> What you will do: Check each line of the material below for "rule", then copy the ones that contain it.
|---|
theorem mainTheorem8:
  fixes \<Phi> :: "'a::euclidean_space \<Rightarrow> real" and S :: "'a set" and u :: 'a and \<alpha> :: real
  assumes "DIM('a) \<ge> 2"
    and "gauge_fun \<Phi>"
    and "convex_on UNIV \<Phi>"
    and "S \<noteq> {}"
    and "S \<subseteq> gsphere \<Phi> \<inter> {x. inner x u \<ge> \<alpha>}"
    and "norm u = 1" and "\<alpha> > 0"
  shows "hull_addible \<Phi> S
    \<and> closure (sco \<Phi> S) = \<Inter> {C. C \<subseteq> gsphere \<Phi> \<and> C \<noteq> {} \<and> closed C \<and> s_convex \<Phi> C \<and> S \<subseteq> C}
    \<and> closed (closure (sco \<Phi> S)) \<and> s_convex \<Phi> (closure (sco \<Phi> S))
    \<and> S \<subseteq> closure (sco \<Phi> S)
    \<and> (\<forall>C. C \<subseteq> gsphere \<Phi> \<and> closed C \<and> s_convex \<Phi> C \<and> S \<subseteq> C \<longrightarrow> closure (sco \<Phi> S) \<subseteq> C)"
proof -
  note g = assms(2)
  define H where "H = {x. inner u x \<ge> \<alpha>}"
  have S: "S \<subseteq> gsphere \<Phi>" "S \<subseteq> H" using assms(5) by (auto simp: H_def inner_commute)
  have "convex H" "closed H" "0 \<notin> H"
    using \<open>\<alpha> > 0\<close> unfolding H_def by (auto intro: convex_halfspace_ge closed_halfspace_ge)
  have "convex hull S \<subseteq> H" using S(2) \<open>convex H\<close> by (rule hull_minimal)
  then have addible: "hull_addible \<Phi> S"
    using assms(4) S(1) \<open>0 \<notin> H\<close> unfolding hull_addible_def by auto
  have "sco \<Phi> S \<subseteq> H" using sco_subset_halfspace[OF g assms(3,7) S[unfolded H_def]] unfolding H_def .
  with \<open>convex H\<close> \<open>closed H\<close> \<open>0 \<notin> H\<close> have sconv: "s_convex \<Phi> (closure (sco \<Phi> S))"
    by (intro s_convex_closure[OF g s_convex_sco[OF g addible]])
  have S_sub: "S \<subseteq> closure (sco \<Phi> S)" using subset_sco[OF g S(1)] closure_subset by blast
  have least: "closure (sco \<Phi> S) \<subseteq> C" if "closed C" "s_convex \<Phi> C" "S \<subseteq> C" for C
    using grho_convex_hull_subset[OF g that(2,3)] that(1) unfolding sco_def by (rule closure_minimal)
  have "closure (sco \<Phi> S) \<in> {C. C \<subseteq> gsphere \<Phi> \<and> C \<noteq> {} \<and> closed C \<and> s_convex \<Phi> C \<and> S \<subseteq> C}"
    using sconv S_sub unfolding s_convex_def by auto
  then have "closure (sco \<Phi> S) = \<Inter> {C. C \<subseteq> gsphere \<Phi> \<and> C \<noteq> {} \<and> closed C \<and> s_convex \<Phi> C \<and> S \<subseteq> C}"
    using least by (blast intro: Inter_lower)
  then show ?thesis using addible sconv S_sub least by auto
qed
|---|
> The answer:
  have "convex hull S \<subseteq> H" using S(2) \<open>convex H\<close> by (rule hull_minimal)
    using grho_convex_hull_subset[OF g that(2,3)] that(1) unfolding sco_def by (rule closure_minimal)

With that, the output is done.